Sunday, January 17, 2010

Praying

Looking back over this past week, I can't help but see how God's hand was in it. Perhaps you think, how could this be? Haiti has suffered a massive earthquake with death tolls that are staggering. But my father in law was spared. Gone for a mission trip, he was with a group of men when the earthquake hit. What are the odds that he was there the very week this event occurred? 
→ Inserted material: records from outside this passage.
(* Let $T=(V,E)$ be a tree with $\mathrm{pthin}(T)=2$, and let $\sigma$ be an ordering of $V$ and $S=\{V^0,V^1\}$ a partition of $V$ into two classes that are strongly consistent. Let $v\in V^0$ and let $w_1,w_2,w_3\in N(v)\cap V^1$ with $w_1<w_2<w_3$. Then $w_2$ has degree $1$ in $T$.
   Context: For a graph $G=(V,E)$, a linear ordering $<$ of $V$ and a partition of $V$ into classes are called strongly consistent if for every triple $r<s<t$ of vertices with $rt\in E$: if $r$ and $s$ belong to the same class then $st\in E$, and if $s$ and $t$ belong to the same class then $rs\in E$. The proper thinness $\mathrm{pthin}(G)$ is the minimum $k$ such that some ordering and some partition into $k$ classes are strongly consistent. $N(v)$ is the set of neighbors of $v$. *)

theory Defs
  imports Main "HOL-Library.Disjoint_Sets"
begin

definition sgraph :: "'a set \<Rightarrow> ('a \<Rightarrow> 'a \<Rightarrow> bool) \<Rightarrow> bool" where
  "sgraph V E \<longleftrightarrow> finite V \<and> (\<forall>x y. E x y \<longrightarrow> x \<in> V \<and> y \<in> V)
     \<and> (\<forall>x y. E x y \<longrightarrow> E y x) \<and> (\<forall>x. \<not> E x x)"

definition is_walk :: "'a set \<Rightarrow> ('a \<Rightarrow> 'a \<Rightarrow> bool) \<Rightarrow> 'a list \<Rightarrow> bool" where
  "is_walk V E xs \<longleftrightarrow> xs \<noteq> [] \<and> set xs \<subseteq> V \<and>
     (\<forall>i. Suc i < length xs \<longrightarrow> E (xs ! i) (xs ! Suc i))"

definition connected_graph :: "'a set \<Rightarrow> ('a \<Rightarrow> 'a \<Rightarrow> bool) \<Rightarrow> bool" where
  "connected_graph V E \<longleftrightarrow>
     (\<forall>x\<in>V. \<forall>y\<in>V. \<exists>xs. is_walk V E xs \<and> hd xs = x \<and> last xs = y)"

definition is_cycle :: "'a set \<Rightarrow> ('a \<Rightarrow> 'a \<Rightarrow> bool) \<Rightarrow> 'a list \<Rightarrow> bool" where
  "is_cycle V E xs \<longleftrightarrow> is_walk V E xs \<and> distinct xs \<and> length xs \<ge> 3 \<and> E (last xs) (hd xs)"

definition is_tree :: "'a set \<Rightarrow> ('a \<Rightarrow> 'a \<Rightarrow> bool) \<Rightarrow> bool" where
  "is_tree V E \<longleftrightarrow> sgraph V E \<and> V \<noteq> {} \<and> connected_graph V E \<and> (\<nexists>xs. is_cycle V E xs)"

definition neighbors :: "'a set \<Rightarrow> ('a \<Rightarrow> 'a \<Rightarrow> bool) \<Rightarrow> 'a \<Rightarrow> 'a set" where
  "neighbors V E v = {u \<in> V. E v u}"

definition degree :: "'a set \<Rightarrow> ('a \<Rightarrow> 'a \<Rightarrow> bool) \<Rightarrow> 'a \<Rightarrow> nat" where
  "degree V E v = card (neighbors V E v)"

(* a linear ordering of V, given as a strict total order relation on V: (x,y) \<in> r means x < y *)
definition linear_ordering :: "'a set \<Rightarrow> ('a \<times> 'a) set \<Rightarrow> bool" where
  "linear_ordering V r \<longleftrightarrow> strict_linear_order_on V r \<and> r \<subseteq> V \<times> V"

definition same_class :: "'a set set \<Rightarrow> 'a \<Rightarrow> 'a \<Rightarrow> bool" where
  "same_class P x y \<longleftrightarrow> (\<exists>B\<in>P. x \<in> B \<and> y \<in> B)"

definition strongly_consistent ::
  "'a set \<Rightarrow> ('a \<Rightarrow> 'a \<Rightarrow> bool) \<Rightarrow> ('a \<times> 'a) set \<Rightarrow> 'a set set \<Rightarrow> bool" where
  "strongly_consistent V E r P \<longleftrightarrow>
     (\<forall>x\<in>V. \<forall>s\<in>V. \<forall>t\<in>V. (x, s) \<in> r \<and> (s, t) \<in> r \<and> E x t \<longrightarrow>
        (same_class P x s \<longrightarrow> E s t) \<and> (same_class P s t \<longrightarrow> E x s))"

definition pthin :: "'a set \<Rightarrow> ('a \<Rightarrow> 'a \<Rightarrow> bool) \<Rightarrow> nat" where
  "pthin V E = (LEAST k. \<exists>r P. linear_ordering V r \<and> partition_on V P \<and> card P = k
                              \<and> strongly_consistent V E r P)"

end

theory Submission
  imports Defs
begin

text \<open>
  Suppose \<open>w\<^sub>2\<close> had a neighbour \<open>u \<noteq> v\<close>. Acyclicity rules out the triangles and 4-cycles
  through \<open>v\<close>, \<open>w\<^sub>2\<close>, \<open>u\<close> and \<open>w\<^sub>1\<close> or \<open>w\<^sub>3\<close>, so \<open>u\<close> is adjacent to none of \<open>v\<close>, \<open>w\<^sub>1\<close>, \<open>w\<^sub>3\<close>.
  Yet wherever \<open>u\<close> sits in the ordering, it lies under one of the edges \<open>u w\<^sub>2\<close> (spanning \<open>w\<^sub>1\<close>
  or \<open>w\<^sub>3\<close>, which share the class of \<open>w\<^sub>2\<close>), \<open>v w\<^sub>1\<close> or \<open>v w\<^sub>3\<close> (whose endpoints lie in
  different classes, so \<open>u\<close> shares the class of one of them), and strong consistency then
  forces one of the forbidden adjacencies.
\<close>

lemma sgraph_edge_in_vertices:
  assumes "sgraph V E" "E x y"
  shows "x \<in> V" "y \<in> V"
  using assms unfolding sgraph_def by auto

lemma sgraph_sym: "sgraph V E \<Longrightarrow> E x y \<Longrightarrow> E y x"
  unfolding sgraph_def by blast

lemma sgraph_irrefl: "sgraph V E \<Longrightarrow> \<not> E x x"
  unfolding sgraph_def by blast

lemma acyclic_no_triangle:
  assumes "sgraph V E" "\<nexists>xs. is_cycle V E xs" "E a b" "E b c"
  shows "\<not> E c a"
proof
  assume "E c a"
  moreover have "a \<noteq> b" "b \<noteq> c" "c \<noteq> a"
    using assms(3,4) \<open>E c a\<close> sgraph_irrefl[OF assms(1)] by metis+
  ultimately have "is_cycle V E [a, b, c]"
    using assms(3,4) sgraph_edge_in_vertices[OF assms(1)]
    unfolding is_cycle_def is_walk_def by (auto simp: less_Suc_eq nth_Cons split: nat.splits)
  with assms(2) show False by blast
qed

lemma acyclic_no_square:
  assumes "sgraph V E" "\<nexists>xs. is_cycle V E xs" "E a b" "E b c" "E c d" "a \<noteq> c" "b \<noteq> d"
  shows "\<not> E d a"
proof
  assume "E d a"
  moreover have "a \<noteq> b" "b \<noteq> c" "c \<noteq> d" "d \<noteq> a"
    using assms(3-5) \<open>E d a\<close> sgraph_irrefl[OF assms(1)] by metis+
  ultimately have "is_cycle V E [a, b, c, d]"
    using assms(3-7) sgraph_edge_in_vertices[OF assms(1)]
    unfolding is_cycle_def is_walk_def by (auto simp: less_Suc_eq nth_Cons split: nat.splits)
  with assms(2) show False by blast
qed

lemma linear_ordering_total:
  "linear_ordering V r \<Longrightarrow> x \<in> V \<Longrightarrow> y \<in> V \<Longrightarrow> x \<noteq> y \<Longrightarrow> (x, y) \<in> r \<or> (y, x) \<in> r"
  unfolding linear_ordering_def strict_linear_order_on_def total_on_def by blast

lemma linear_ordering_neq: "linear_ordering V r \<Longrightarrow> (x, y) \<in> r \<Longrightarrow> x \<noteq> y"
  unfolding linear_ordering_def strict_linear_order_on_def irrefl_def by blast

lemma same_class_sym: "same_class P x y \<longleftrightarrow> same_class P y x"
  unfolding same_class_def by blast

lemma same_class_of_two_classes:
  "x \<in> V0 \<union> V1 \<Longrightarrow> a \<in> V0 \<Longrightarrow> b \<in> V1 \<Longrightarrow> same_class {V0, V1} x a \<or> same_class {V0, V1} x b"
  unfolding same_class_def by blast

lemma strongly_consistent_under_edge:
  assumes "sgraph V E" "linear_ordering V r" "strongly_consistent V E r P" "E a b"
    and "(a, s) \<in> r \<and> (s, b) \<in> r \<or> (b, s) \<in> r \<and> (s, a) \<in> r"
    and "same_class P s a \<or> same_class P s b"
  shows "E s a \<or> E s b"
proof -
  have oriented: "E s x \<or> E s y"
    if "E x y" "(x, s) \<in> r" "(s, y) \<in> r" "same_class P s x \<or> same_class P s y" for x y
  proof -
    have "x \<in> V" "s \<in> V" "y \<in> V"
      using that(2,3) assms(2) unfolding linear_ordering_def by auto
    with that assms(3) have "(same_class P x s \<longrightarrow> E s y) \<and> (same_class P s y \<longrightarrow> E x s)"
      unfolding strongly_consistent_def by blast
    with that(4) show ?thesis
      using sgraph_sym[OF assms(1)] same_class_sym by metis
  qed
  from assms(5) show ?thesis
    using oriented[of a b] oriented[of b a] assms(4,6) sgraph_sym[OF assms(1)] by blast
qed

lemma strongly_consistent_middle_neighbor:
  assumes graph: "sgraph V E" "\<nexists>xs. is_cycle V E xs"
    and order: "linear_ordering V \<sigma>" "strongly_consistent V E \<sigma> {V0, V1}"
    and classes: "V0 \<union> V1 = V" "v \<in> V0" "w1 \<in> V1" "w2 \<in> V1" "w3 \<in> V1"
    and edges: "E v w1" "E v w2" "E v w3"
    and between: "(w1, w2) \<in> \<sigma>" "(w2, w3) \<in> \<sigma>"
    and "E w2 u"
  shows "u = v"
proof (rule ccontr)
  assume "u \<noteq> v"
  have sym: "\<And>x y. E x y \<Longrightarrow> E y x" using sgraph_sym[OF graph(1)] .
  have "w1 \<noteq> w2" "w2 \<noteq> w3" using between linear_ordering_neq[OF order(1)] by auto
  have "\<not> E w1 w2" "\<not> E w2 w3"
    using acyclic_no_triangle[OF graph] edges sym by blast+
  then have "u \<noteq> w1" "u \<noteq> w3" using \<open>E w2 u\<close> sym by blast+
  have "\<not> E u v" using acyclic_no_triangle[OF graph \<open>E w2 u\<close>] edges(2) sym by blast
  have "\<not> E u w1" "\<not> E u w3"
    using acyclic_no_square[OF graph edges(1) _ sym[OF \<open>E w2 u\<close>]]
      acyclic_no_square[OF graph edges(3) _ sym[OF \<open>E w2 u\<close>]]
      \<open>u \<noteq> v\<close> \<open>w1 \<noteq> w2\<close> \<open>w2 \<noteq> w3\<close> edges(2) sym by metis+
  have "u \<in> V" "v \<in> V" "w1 \<in> V" "w3 \<in> V"
    using sgraph_edge_in_vertices[OF graph(1)] \<open>E w2 u\<close> edges by auto
  have "same_class {V0, V1} w1 w2" "same_class {V0, V1} w3 w2"
    using classes unfolding same_class_def by auto
  have u_classes: "same_class {V0, V1} u v \<or> same_class {V0, V1} u w"
    if "w \<in> V1" for w
    using same_class_of_two_classes[OF _ classes(2) that] \<open>u \<in> V\<close> classes(1) by blast
  note under = strongly_consistent_under_edge[OF graph(1) order]
  consider "(u, w1) \<in> \<sigma>" | "(w3, u) \<in> \<sigma>" | "(w1, u) \<in> \<sigma>" "(u, w3) \<in> \<sigma>"
    using linear_ordering_total[OF order(1)] \<open>u \<in> V\<close> \<open>w1 \<in> V\<close> \<open>w3 \<in> V\<close>
      \<open>u \<noteq> w1\<close> \<open>u \<noteq> w3\<close> by blast
  then show False
  proof cases
    case 1
    then have "E w1 u \<or> E w1 w2"
      using under[of u w2 w1] \<open>E w2 u\<close> between(1) \<open>same_class {V0, V1} w1 w2\<close> sym by blast
    then show False using \<open>\<not> E u w1\<close> \<open>\<not> E w1 w2\<close> sym by blast
  next
    case 2
    then have "E w3 w2 \<or> E w3 u"
      using under[of w2 u w3] \<open>E w2 u\<close> between(2) \<open>same_class {V0, V1} w3 w2\<close> by blast
    then show False using \<open>\<not> E u w3\<close> \<open>\<not> E w2 w3\<close> sym by blast
  next
    case 3
    consider "(v, u) \<in> \<sigma>" | "(u, v) \<in> \<sigma>"
      using linear_ordering_total[OF order(1)] \<open>u \<in> V\<close> \<open>v \<in> V\<close> \<open>u \<noteq> v\<close> by blast
    then show False
    proof cases
      case 1
      then have "E u v \<or> E u w3"
        using under[of v w3 u] edges(3) \<open>(u, w3) \<in> \<sigma>\<close> u_classes classes(5) by blast
      then show False using \<open>\<not> E u v\<close> \<open>\<not> E u w3\<close> by blast
    next
      case 2
      then have "E u v \<or> E u w1"
        using under[of v w1 u] edges(1) \<open>(w1, u) \<in> \<sigma>\<close> u_classes classes(3) by blast
      then show False using \<open>\<not> E u v\<close> \<open>\<not> E u w1\<close> by blast
    qed
  qed
qed

theorem propositionA2:
  fixes V :: "'a set" and E :: "'a \<Rightarrow> 'a \<Rightarrow> bool" and \<sigma> :: "('a \<times> 'a) set"
    and V0 V1 :: "'a set" and v w1 w2 w3 :: 'a
  assumes "is_tree V E"
    and "pthin V E = 2"
    and "linear_ordering V \<sigma>"
    and "partition_on V {V0, V1}" and "V0 \<noteq> V1"
    and "strongly_consistent V E \<sigma> {V0, V1}"
    and "v \<in> V0"
    and "w1 \<in> neighbors V E v \<inter> V1" and "w2 \<in> neighbors V E v \<inter> V1"
    and "w3 \<in> neighbors V E v \<inter> V1"
    and "(w1, w2) \<in> \<sigma>" and "(w2, w3) \<in> \<sigma>"
  shows "degree V E w2 = 1"
proof -
  have graph: "sgraph V E" "\<nexists>xs. is_cycle V E xs"
    using assms(1) unfolding is_tree_def by auto
  have "V0 \<union> V1 = V"
    using assms(4) unfolding partition_on_def by auto
  have "neighbors V E w2 = {v}"
  proof -
    have "v \<in> neighbors V E w2"
      using assms(9) sgraph_sym[OF graph(1)] sgraph_edge_in_vertices[OF graph(1)]
      unfolding neighbors_def by auto
    moreover have "u = v" if "u \<in> neighbors V E w2" for u
      using strongly_consistent_middle_neighbor[OF graph assms(3,6) \<open>V0 \<union> V1 = V\<close> assms(7)
          _ _ _ _ _ _ assms(11,12)]
        assms(8-10) that unfolding neighbors_def by blast
    ultimately show ?thesis by blast
  qed
  then show ?thesis unfolding degree_def by simp
qed

end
There were some scary moments there for a while, when we had no contact with him, as I'm sure many people out there may still be experiencing. But we prayed for him and his group, at peace with the fact that God is in control.
God is in control.
How powerful is that phrase- that thought? I have to pause and repeat that to myself. I have certainly not been clinging to that lately. Doubt, worry,  and fear have crept up into my mind. Not being certain of the future can plague me at times, and it's so very true that I have not been resting on the knowledge that God is in control. I have to look back at my personal time with God. What have I invested into this quiet time? Not too much lately, for which I am shameful of. Is God not that important? My goal is refocused again, my goal to walk close with my God. How can I know Him and be comforted if I don't take time to talk and walk with Him? 
Back to my father in law- he is now back here in the states, home safe and sound. How grateful I am that the Lord protected him and his group all the way back to their homes. I know many are not as fortunate over in Haiti. So I will continue to pray for the Haitians. I will also continue to pray to my God. Oh to know Him more, to walk closer, this is my desire.